Eve gives a little laugh. "Really? And how did you decide that, my angel?"
"The stars," Lilith tells her proudly. "I remembered what you told me about what you saw in the night sky back when you were a child and checked the constellation positions against Barnard's star for a rough date. I'm not going to reveal your age, but you said you were born in the spring, and today is as lovely as any to celebrate it."
Adam watches as Eve takes the journal, her pale hands stroking the cover. "Lilith," she sighs, and her smile flashes out. "You've made this ancient woman feel-"

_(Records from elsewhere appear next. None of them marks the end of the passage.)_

(* Let $V\in\mathcal{H}^{r\times n}$ and $Y\in\mathcal{H}^{n\times r}$ be left and right canonical matrices, respectively, for $T$ at $\lambda_0$. Then $VTY$ is invertible (as a meromorphic matrix), and $\Delta^{-1}VTY\Delta^{-1}\doteq\Delta^{-1}$ holds if and only if $(VTY)^{-1}\doteq\Delta^{-1}$.
   Context: Let $\Omega\subset\mathbb{C}$ be open and $\lambda_0\in\Omega$ fixed. $\mathcal{H}$ denotes the ring of holomorphic functions on $\Omega$, and $\mathcal{H}_0$ the ring of functions holomorphic in some neighborhood of $\lambda_0$. Write $\chi_0(\lambda)=\lambda-\lambda_0$. A matrix $M\in\mathcal{H}_0^{n\times n}$ is unimodular if it has an inverse in $\mathcal{H}_0^{n\times n}$. For meromorphic matrices $M_1,M_2$ of equal size, $M_1\doteq M_2$ means that $M_2-M_1$ is holomorphic in a neighborhood of $\lambda_0$. Throughout, $T\in\mathcal{H}^{n\times n}$ with $\det T$ not identically zero and $\det T(\lambda_0)=0$, and $r=\dim\ker T(\lambda_0)$. There exist unimodular $U_L,U_R\in\mathcal{H}_0^{n\times n}$ and uniquely determined integers $m_1\ge\cdots\ge m_n\ge 0$ (the partial multiplicities) with $U_LTU_R=\mathrm{diag}(\chi_0^{m_1},\dots,\chi_0^{m_n})$; $m_i>0$ exactly for $i\le r$. Set $\Delta=\mathrm{diag}(\chi_0^{m_1},\dots,\chi_0^{m_r})$. A root function for $T$ at $\lambda_0$ is $y\in\mathcal{H}^n$ with $y(\lambda_0)\neq0$ and $T(\lambda_0)y(\lambda_0)=0$; its multiplicity $\nu(y)$ is the order of the zero of $Ty$ at $\lambda_0$. A right canonical matrix for $T$ at $\lambda_0$ is $Y\in\mathcal{H}^{n\times r}$ whose columns $y_1,\dots,y_r$ are root functions such that (a) $y_1(\lambda_0),\dots,y_r(\lambda_0)$ are linearly independent, (b) $\sum_{i=1}^r\nu(y_i)=\sum_{i=1}^r m_i$, (c) $\nu(y_1)\ge\cdots\ge\nu(y_r)$. A left root function is a row vector $v\in\mathcal{H}^{1\times n}$ with $v(\lambda_0)\ne0$ and $v(\lambda_0)T(\lambda_0)=0$, with multiplicity the order of the zero of $vT$ at $\lambda_0$; a left canonical matrix $V\in\mathcal{H}^{r\times n}$ is defined analogously. *)

theory Defs
  imports "HOL-Analysis.Analysis" "Jordan_Normal_Form.Matrix_Kernel" "Jordan_Normal_Form.Determinant"
begin

definition mat_holo :: "complex set \<Rightarrow> nat \<Rightarrow> nat \<Rightarrow> (complex \<Rightarrow> complex mat) \<Rightarrow> bool" where
  "mat_holo S r c A \<longleftrightarrow> (\<forall>z. A z \<in> carrier_mat r c) \<and>
     (\<forall>i<r. \<forall>j<c. (\<lambda>z. A z $$ (i,j)) holomorphic_on S)"

definition vec_holo :: "complex set \<Rightarrow> nat \<Rightarrow> (complex \<Rightarrow> complex vec) \<Rightarrow> bool" where
  "vec_holo S n f \<longleftrightarrow> (\<forall>z. f z \<in> carrier_vec n) \<and> (\<forall>i<n. (\<lambda>z. f z $ i) holomorphic_on S)"

definition vec_zero_order :: "complex \<Rightarrow> nat \<Rightarrow> (complex \<Rightarrow> complex vec) \<Rightarrow> enat" where
  "vec_zero_order l0 n f = Sup {enat k | k. \<exists>e>0. \<exists>h. vec_holo (ball l0 e) n h \<and>
       (\<forall>z\<in>ball l0 e. f z = (z - l0)^k \<cdot>\<^sub>v h z)}"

"NOT ancient," Lilith interrupts. "Timeless. You've got stories to tell, Eve, and I want you to share them; that's what the journal's for. Write your life, weave your magic there, all right?"
It's in that moment Adam sees Eve struggle, sees her realize that the truth truly is the only right course of action here.
"Lilith," Eve begins, shooting him a glance. "Adam and I have something to tell you. Something you need to know in regards to what we are and what you are. About the middle choice."
Lilith looks from her to him, smiling crookedly. "You mean becoming Dhampir? Yes, I wondered if you two were ever going to bring that up, you luftmenches."